I have a few comments and suggestions based on what I just saw at
http://dsource.org/projects/scrapple/browser/trunk/rational/rational.d:
* I want us to cover in this same module the case of a rational with a
fixed denominator, i.e. a fixed-point type. For example, a financial
program might use FixedRational!(long, 100) to operate consistently on
cents. (As a curiosity, in the olden days (up until 2002 or so) the
stock market operated on FixedRational!(long, 8192).) There are plenty
of places in which fixed point values are desirable, and I believe many
of them can be expressed as rational values with a compile-time-known
denominator.
* The import section should be ordered alphabetically.
* The test isRational suggests that you accept any values for num and
denom, but in reality you should constrain that to e.g. isIntegerLike
for both.
* isAssignable should be transferred to std.traits
* Isn't CommonType good in place of CommonInteger?
* Can't you consolidate the first two implementations of op"*"?
* Inside opOpAssign, you have the code:
auto divisor = gcf(this.numerator, rhs.denominator);
this.numerator /= divisor;
rhs.denominator /= divisor;
I have the suspicion that an organic routine that computes the gcf and
simplifies at the same time could save on some divisions. Don't forget
that integral divisions are very, very slow. Same considerations applies
for other similar patterns in code.
* Is it worth using Unsigned!T for the denominator throughout? That way
there's no more need to worry about fixSigns etc.
* When you swap() in op"/", don't forget to assert that the
denominator-to-be is nonzero. Generally I'm not seeing asserts/contracts
throughout.
* I have the suspicion that implementing e.g. += in terms of + is
actually slower than creating the value directly. Generally on today's
architectures you want to minimize mutation, and += is more mutation than +.

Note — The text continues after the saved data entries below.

lemma is_path_Cons:
  "is_path E0 E1 s r (a, e # es) \<longleftrightarrow> e \<in> E1 \<and> s e = a \<and> is_path E0 E1 s r (r e, es)"
proof
  assume p: "is_path E0 E1 s r (a, e # es)"
  then have "\<forall>i. Suc i < length es \<longrightarrow> r (es ! i) = s (es ! Suc i)"
    unfolding is_path_def by (metis Suc_mono length_Cons nth_Cons_Suc snd_conv)
  moreover have "es \<noteq> [] \<Longrightarrow> s (hd es) = r e"
    using p unfolding is_path_def
    by (metis hd_conv_nth length_Cons length_greater_0_conv nth_Cons_0 nth_Cons_Suc snd_conv Suc_mono)
  ultimately show "e \<in> E1 \<and> s e = a \<and> is_path E0 E1 s r (r e, es)"
    using p range_mem by (auto simp: is_path_def)
next
  assume "e \<in> E1 \<and> s e = a \<and> is_path E0 E1 s r (r e, es)"
  then show "is_path E0 E1 s r (a, e # es)"
    using source_mem unfolding is_path_def
    by (auto simp: nth_Cons split: nat.split) (metis hd_conv_nth length_greater_0_conv)
qed

lemma is_path_append:
  "is_path E0 E1 s r (a, xs @ ys) \<longleftrightarrow>
    is_path E0 E1 s r (a, xs) \<and> is_path E0 E1 s r (path_range r (a, xs), ys)"
proof (induction xs arbitrary: a)
  case Nil
  show ?case by (auto simp: is_path_def)
next
  case (Cons e xs)
  then show ?case by (auto simp: is_path_Cons)
qed

lemma path_range_mem: "is_path E0 E1 s r (a, xs) \<Longrightarrow> path_range r (a, xs) \<in> E0"
  using is_path_append[of a xs "[]"] by simp

lemma gis_Some_iff [simp]:
  "Some (p, q) \<in> G \<longleftrightarrow>
     is_path E0 E1 s r p \<and> is_path E0 E1 s r q \<and> path_range r p = path_range r q"
  by (cases p; cases q) (auto simp: graph_inverse_semigroup_def)

lemma gis_None_mem [simp]: "None \<in> G"
  by (simp add: graph_inverse_semigroup_def)

lemma gis_inv_mem: "x \<in> G \<Longrightarrow> gis_inv x \<in> G"
  by (cases x) (auto simp: gis_inv_def)

lemma gis_inv_image: "gis_inv ` G = G"
  using gis_inv_mem by (metis gis_inv_gis_inv image_eqI subsetI subset_antisym image_subsetI)

lemma is_path_graft:
  assumes "is_path E0 E1 s r (a, xs)" "is_path E0 E1 s r (b, ys @ zs)"
    and "path_range r (a, xs) = path_range r (b, ys)"
  shows "is_path E0 E1 s r (a, xs @ zs)" "path_range r (a, xs @ zs) = path_range r (b, ys @ zs)"
  using assms by (simp_all add: is_path_append path_range_append)

lemma gis_mult_mem:
  assumes "x \<in> G" "y \<in> G"
  shows "gis_mult x y \<in> G"
proof (cases "gis_mult x y")
  case Some
  then obtain p q p' q' where xy: "x = Some (p, q)" "y = Some (p', q')"
    by (auto simp: gis_mult_def split: option.splits)
  obtain a xs b ys c zs d ws where [simp]: "p = (a, xs)" "q = (b, ys)" "p' = (c, zs)" "q' = (d, ws)"
    by (cases p; cases q; cases p'; cases q')
  show ?thesis
  proof (cases "b = c \<and> prefix ys zs")
    case True
    then obtain w where "zs = ys @ w" by (auto simp: prefix_def)
    then show ?thesis using assms True is_path_graft[of a xs b ys w]
      by (auto simp: xy gis_mult_def)
  next
    case False
    then have "b = c \<and> prefix zs ys" using Some by (auto simp: xy gis_mult_def split: if_splits)
    then obtain w where "ys = zs @ w" by (auto simp: prefix_def)
    then show ?thesis using assms False is_path_graft[of d ws c zs w]
      by (auto simp: xy gis_mult_def)
  qed
qed simp

(* If the range e of u emits an edge g, take c = (ug)^{-1} and d = (ug)(ug)^{-1}: then c x \<noteq> 0 and
   d x \<noteq> x say that the first path of x is a proper prefix of ug. If e is a sink, no path properly
   extends u, and c = u^{-1} alone does the job. *)
lemma gis_left_separating_pair:
  assumes a: "Some ((u1, u2), q) \<in> G"
  obtains c d where "c \<in> G" "d \<in> G"
    "gis_mult c (Some ((u1, u2), q)) \<noteq> None"
    "gis_mult d (Some ((u1, u2), q)) \<noteq> Some ((u1, u2), q)"
    "\<And>x. x \<in> G \<Longrightarrow> gis_mult c x \<noteq> None \<Longrightarrow> gis_mult d x \<noteq> x \<Longrightarrow>
       \<exists>p2 q'. x = Some ((u1, p2), q') \<and> prefix p2 u2"
proof (cases "\<exists>g\<in>E1. s g = path_range r (u1, u2)")
  case True
  then obtain g where g: "g \<in> E1" "s g = path_range r (u1, u2)" by blast
  have ug: "is_path E0 E1 s r (u1, u2 @ [g])" "path_range r (u1, u2 @ [g]) = r g"
    using a g range_mem by (auto simp: is_path_append is_path_Cons path_range_append)
  define c where "c = Some ((r g, [] :: 'e list), (u1, u2 @ [g]))"
  define d where "d = Some ((u1, u2 @ [g]), (u1, u2 @ [g]))"
  show thesis
  proof (rule that[of c d])
    show "c \<in> G" "d \<in> G" using ug g range_mem by (auto simp: c_def d_def)
    show "gis_mult c (Some ((u1, u2), q)) \<noteq> None"
      "gis_mult d (Some ((u1, u2), q)) \<noteq> Some ((u1, u2), q)"
      by (auto simp: c_def d_def gis_mult_def)
  next
    fix x assume "x \<in> G" "gis_mult c x \<noteq> None" "gis_mult d x \<noteq> x"
    then obtain p1 p2 q' where x: "x = Some ((p1, p2), q')" "p1 = u1"
        and "prefix p2 (u2 @ [g])" "p2 \<noteq> u2 @ [g]"
      by (cases x) (auto simp: c_def d_def gis_mult_def prefix_def split: if_splits)
    then show "\<exists>p2 q'. x = Some ((u1, p2), q') \<and> prefix p2 u2"
      by (auto simp: prefix_snoc)
  qed
next
  case False
  let ?e = "path_range r (u1, u2)"
  define c where "c = Some ((?e, [] :: 'e list), (u1, u2))"
  show thesis
  proof (rule that[of c None])
    show "c \<in> G" using a path_range_mem[of u1 u2] by (auto simp: c_def)
    show "gis_mult c (Some ((u1, u2), q)) \<noteq> None" by (simp add: c_def gis_mult_def)
  next
    fix x assume x: "x \<in> G" "gis_mult c x \<noteq> None"
    then obtain p2 q' where x_eq: "x = Some ((u1, p2), q')" and "prefix u2 p2 \<or> prefix p2 u2"
      by (cases x) (auto simp: c_def gis_mult_def split: if_splits)
    moreover have "\<not> strict_prefix u2 p2"
    proof
      assume "strict_prefix u2 p2"
      then obtain y ys where "p2 = u2 @ y # ys"
        by (metis prefix_def strict_prefix_def self_append_conv neq_Nil_conv)
      then show False using x x_eq False by (auto simp: is_path_append is_path_Cons)
    qed
    ultimately show "\<exists>p2 q'. x = Some ((u1, p2), q') \<and> prefix p2 u2"
      by (auto simp: strict_prefix_def)
  qed (simp_all add: gis_mult_def)
qed

end

lemma semitopological_semigroup_flip:
  "semitopological_semigroup mul \<Longrightarrow> semitopological_semigroup (\<lambda>x y. mul y x)"
  by (simp add: semitopological_semigroup_def)

lemma semitopological_open_translate_neq:
  assumes "semitopological_semigroup mul"
  shows "open {y. mul c y \<noteq> d}" "open {y. mul c y \<noteq> y}"
proof -
  have "continuous_on UNIV (mul c)"
    using assms by (simp add: semitopological_semigroup_def)
  then show "open {y. mul c y \<noteq> d}" "open {y. mul c y \<noteq> y}"
    by (simp_all add: open_Collect_neq continuous_on_id)
qed

lemma isolated_of_dense_finite_trace:
  fixes D W :: "'a::t1_space set"
  assumes dense: "closure D = UNIV" and W: "open W" "x \<in> W" and fin: "finite (W \<inter> D)"
  shows "open {x}"
proof -
  define W' where "W' = W - (W \<inter> D - {x})"
  have "open W'" using W fin by (auto simp: W'_def intro: open_Diff finite_imp_closed)
  have "W' \<subseteq> closure (W' \<inter> D)"
    using open_Int_closure_subset[OF \<open>open W'\<close>, of D] dense by simp
  also have "\<dots> \<subseteq> {x}" by (rule closure_minimal) (auto simp: W'_def)
  finally have "W' = {x}" using W by (auto simp: W'_def)
  with \<open>open W'\<close> show ?thesis by simp
qed

lemma clp_compact_closed_isolated_finite:
  fixes A :: "'a::t1_space set"
  assumes clp: "clp_compact (UNIV :: 'a set)" and "closed A" and isolated: "\<And>a. a \<in> A \<Longrightarrow> open {a}"
  shows "finite A"
proof -
  have "open A" using isolated open_UN[of A "\<lambda>a. {a}"] by simp
  define \<U> where "\<U> = insert (- A) ((\<lambda>a. {a}) ` A)"
  have "\<forall>U\<in>\<U>. openin (top_of_set UNIV) U \<and> closedin (top_of_set UNIV) U"
    using \<open>closed A\<close> \<open>open A\<close> isolated by (auto simp: \<U>_def)
  moreover have "UNIV \<subseteq> \<Union>\<U>" by (auto simp: \<U>_def)
  ultimately obtain \<F> where \<F>: "\<F> \<subseteq> \<U>" "finite \<F>" "UNIV \<subseteq> \<Union>\<F>"
    using clp[unfolded clp_compact_def, rule_format, of \<U>] by blast
  have "(\<lambda>a. {a}) ` A \<subseteq> \<F>"
  proof clarify
    fix a assume "a \<in> A"
    then obtain T where "T \<in> \<F>" "a \<in> T" using \<F>(3) by blast
    moreover have "T = {a}" using \<F>(1) \<open>T \<in> \<F>\<close> \<open>a \<in> T\<close> \<open>a \<in> A\<close> by (auto simp: \<U>_def)
    ultimately show "{a} \<in> \<F>" by simp
  qed
  then have "finite ((\<lambda>a. {a}) ` A)" using \<F>(2) by (rule finite_subset)
  then show ?thesis by (rule finite_imageD) (simp add: inj_on_def)
qed

lemma clp_compact_countably_compact_at_closure:
  fixes A F :: "'a::t1_space set"
  assumes clp: "clp_compact (UNIV :: 'a set)" and "finite F"
    and isolated: "\<And>a. a \<in> A - F \<Longrightarrow> open {a}"
  shows "countably_compact_at (closure A) A"
  unfolding countably_compact_at_def
proof (intro allI impI)
  fix B assume "B \<subseteq> A" "infinite B"
  show "\<exists>x\<in>closure A. x islimpt B"
  proof (rule ccontr)
    assume no_limpt: "\<not> (\<exists>x\<in>closure A. x islimpt B)"
    have "\<not> x islimpt (B - F)" for x
    proof
      assume "x islimpt (B - F)"
      then have "x islimpt B" by (rule islimpt_subset) blast
      moreover from this have "x \<in> closure A"
        using closure_mono[OF \<open>B \<subseteq> A\<close>] by (auto simp: closure_def)
      ultimately show False using no_limpt by blast
    qed
    then have "closed (B - F)" by (simp add: closed_limpt)
    then have "finite (B - F)"
      by (rule clp_compact_closed_isolated_finite[OF clp]) (use isolated \<open>B \<subseteq> A\<close> in blast)
    with \<open>finite F\<close> \<open>infinite B\<close> show False by simp
  qed
qed

locale gis_embedding = directed_graph E0 E1 s r
  for E0 :: "'v set" and E1 :: "'e set" and s r :: "'e \<Rightarrow> 'v" +
  fixes mul :: "'s::t2_space \<Rightarrow> 's \<Rightarrow> 's" and h :: "('v, 'e) gis_elem \<Rightarrow> 's"
  assumes semitop: "semitopological_semigroup mul"
    and inj: "inj_on h (graph_inverse_semigroup E0 E1 s r)"
    and hom: "\<And>x y. x \<in> graph_inverse_semigroup E0 E1 s r \<Longrightarrow> y \<in> graph_inverse_semigroup E0 E1 s r \<Longrightarrow>
      h (gis_mult x y) = mul (h x) (h y)"
begin

lemma left_prefix_neighbourhood:
  assumes a: "Some ((u1, u2), q) \<in> G"
  obtains W where "open W" "h (Some ((u1, u2), q)) \<in> W"
    "\<And>x. x \<in> G \<Longrightarrow> h x \<in> W \<Longrightarrow> \<exists>p2 q'. x = Some ((u1, p2), q') \<and> prefix p2 u2"
proof -
  obtain c d where cd: "c \<in> G" "d \<in> G"
    "gis_mult c (Some ((u1, u2), q)) \<noteq> None"
    "gis_mult d (Some ((u1, u2), q)) \<noteq> Some ((u1, u2), q)"
    and separates: "\<And>x. x \<in> G \<Longrightarrow> gis_mult c x \<noteq> None \<Longrightarrow> gis_mult d x \<noteq> x \<Longrightarrow>
       \<exists>p2 q'. x = Some ((u1, p2), q') \<and> prefix p2 u2"
    using gis_left_separating_pair[OF a] by blast
  define W where "W = {y. mul (h c) y \<noteq> h None} \<inter> {y. mul (h d) y \<noteq> y}"
  show thesis
  proof (rule that[of W])
    show "open W"
      unfolding W_def using semitopological_open_translate_neq[OF semitop] by blast
    let ?a = "Some ((u1, u2), q)"
    have "h (gis_mult c ?a) \<noteq> h None" "h (gis_mult d ?a) \<noteq> h ?a"
      using cd a gis_mult_mem inj_onD[OF inj] by (metis gis_None_mem)+
    then show "h ?a \<in> W"
      using cd a by (simp add: W_def hom del: gis_Some_iff)
  next
    fix x assume "x \<in> G" "h x \<in> W"
    then have "h (gis_mult c x) \<noteq> h None" "h (gis_mult d x) \<noteq> h x"
      using hom[OF cd(1) \<open>x \<in> G\<close>] hom[OF cd(2) \<open>x \<in> G\<close>] by (simp_all add: W_def)
    then have "gis_mult c x \<noteq> None" "gis_mult d x \<noteq> x" by metis+
    with \<open>x \<in> G\<close> show "\<exists>p2 q'. x = Some ((u1, p2), q') \<and> prefix p2 u2"
      by (rule separates)
  qed
qed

* In opCmp, I suspect that converting to double and carrying the
computation may be actually cheaper.
* Anyhow, in opCmp instead of
if(lhsNum > rhsNum) {
return 1;
} else if(lhsNum < rhsNum) {
return -1;
}
// We've checked for equality already. If we get to this point,
// there's clearly something wrong.
assert(0);
do this:
assert(lhsNum != rhsNum);
return lhsNum > rhsNum ? 1 : -1;
* Why the use of "this." in some places?
* In opCast!double, can't you use some specialized routines in BigInt
instead of rolling your own? Regardless, I suspect BigInt should have a
solution for "divide yielding a floating point number" - if not, you may
want to discuss with Don moving your implementation into std.bigint.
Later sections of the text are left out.